Pour sa deuxième venue à la Comédie- Française, après Mémoire de fille d’Annie Ernaux en juin 2023, Silvia Costa choisit « la pièce écossaise », comme il est d’usage de la nommer par superstition ; d’aucuns allant même jusqu’à appeler le couple assassin « M. » et « Lady M. ».
Entrée au Répertoire en 1985, dans une mise en scène de Jean-Pierre Vincent pour la Cour d’honneur au Festival d’Avignon, cette tragédie de la nuit continue de fasciner tant par la densité de son action, éminemment sanguinaire, que par la place donnée au surnaturel.
La metteuse en scène italienne, dont les créations sont très présentes ces dernières années sur les scènes de théâtre et d’opéra, s’intéresse au destin du général Macbeth à qui trois sorcières ont prédit qu’il accèderait au trône. Dès lors, obsédé par la prophétie, il commet le régicide avec l’aide de son épouse. Au meurtre de Duncan, roi droit et généreux, succède celui de son ami Banquo, témoin gênant. Le couple ploie sous la culpabilité et sombre dans la folie, comme si le roi usurpateur et Lady Macbeth – obnubilée par ses mains qu’elle voit tachées de sang – représentaient une même figure de la complexité humaine.

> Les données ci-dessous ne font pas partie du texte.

(* There are infinitely many (pairwise non-isomorphic) finite simple graphs $G$ such that $G$ is 2-connected, cubic, and bipartite, $v(G) \equiv 0 \pmod 6$, and $G$ has no $\Lambda$-factor.
   Context: Graphs are finite, undirected, without loops or multiple edges; $v(G)=|V(G)|$. $\Lambda$ denotes the path on 3 vertices. A $\Lambda$-factor of $G$ is a spanning subgraph of $G$ each of whose connected components is a 3-vertex path. *)

theory Defs
  imports Main
begin

definition simple_graph :: "'a set \<Rightarrow> ('a \<Rightarrow> 'a \<Rightarrow> bool) \<Rightarrow> bool" where
  "simple_graph V E \<longleftrightarrow> finite V \<and> (\<forall>x y. E x y \<longrightarrow> x \<in> V \<and> y \<in> V)
     \<and> (\<forall>x y. E x y \<longrightarrow> E y x) \<and> (\<forall>x. \<not> E x x)"

definition neighbours :: "('a \<Rightarrow> 'a \<Rightarrow> bool) \<Rightarrow> 'a \<Rightarrow> 'a set" where
  "neighbours E x = {y. E x y}"

definition cubic :: "'a set \<Rightarrow> ('a \<Rightarrow> 'a \<Rightarrow> bool) \<Rightarrow> bool" where
  "cubic V E \<longleftrightarrow> (\<forall>x\<in>V. card (neighbours E x) = 3)"

definition bipartite :: "'a set \<Rightarrow> ('a \<Rightarrow> 'a \<Rightarrow> bool) \<Rightarrow> bool" where
  "bipartite V E \<longleftrightarrow> (\<exists>A. A \<subseteq> V \<and>
     (\<forall>x y. E x y \<longrightarrow> (x \<in> A \<longleftrightarrow> y \<notin> A)))"

definition connected_graph :: "'a set \<Rightarrow> ('a \<Rightarrow> 'a \<Rightarrow> bool) \<Rightarrow> bool" where
  "connected_graph V E \<longleftrightarrow> V \<noteq> {} \<and>
     (\<forall>x\<in>V. \<forall>y\<in>V. (\<lambda>u v. u \<in> V \<and> v \<in> V \<and> E u v)\<^sup>*\<^sup>* x y)"

definition two_connected :: "'a set \<Rightarrow> ('a \<Rightarrow> 'a \<Rightarrow> bool) \<Rightarrow> bool" where
  "two_connected V E \<longleftrightarrow> card V > 2 \<and> connected_graph V E \<and>
     (\<forall>x\<in>V. connected_graph (V - {x}) E)"

definition is_P3 :: "'a set \<Rightarrow> ('a \<Rightarrow> 'a \<Rightarrow> bool) \<Rightarrow> bool" where
  "is_P3 C F \<longleftrightarrow> (\<exists>a b c. a \<noteq> b \<and> b \<noteq> c \<and> a \<noteq> c \<and> C = {a, b, c}
     \<and> F a b \<and> F b c \<and> \<not> F a c)"

definition Lambda_factor :: "'a set \<Rightarrow> ('a \<Rightarrow> 'a \<Rightarrow> bool) \<Rightarrow> ('a \<Rightarrow> 'a \<Rightarrow> bool) \<Rightarrow> bool" where
  "Lambda_factor V E F \<longleftrightarrow> simple_graph V F \<and> (\<forall>x y. F x y \<longrightarrow> E x y) \<and>
     (\<forall>x\<in>V. is_P3 {y. F\<^sup>*\<^sup>* x y} F)"

definition has_Lambda_factor :: "'a set \<Rightarrow> ('a \<Rightarrow> 'a \<Rightarrow> bool) \<Rightarrow> bool" where
  "has_Lambda_factor V E \<longleftrightarrow> (\<exists>F. Lambda_factor V E F)"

Depuis l’annonce des trois sœurs fatales à la scène inaugurale (« L’immonde est beau, le beau immonde / Planons dans le brouillard et dans les miasmes du monde »), l’entièreté de la pièce est soumise à une confusion des valeurs qui fait s’étendre l’intime aux mondes moral et politique : entre le bien et le mal, mais aussi entre raison et folie, réel et apparence, soif de pouvoir et transgression, vie et mort, masculin et féminin... Silvia Costa imagine un espace métaphorique, comme une entrée dans le labyrinthe de la conscience du roi. Macbeth, pour qui « la vie n’est qu’un fantôme errant », se découvrira lui-même tandis qu’il fera l’apprentissage de ses pulsions les plus obscures.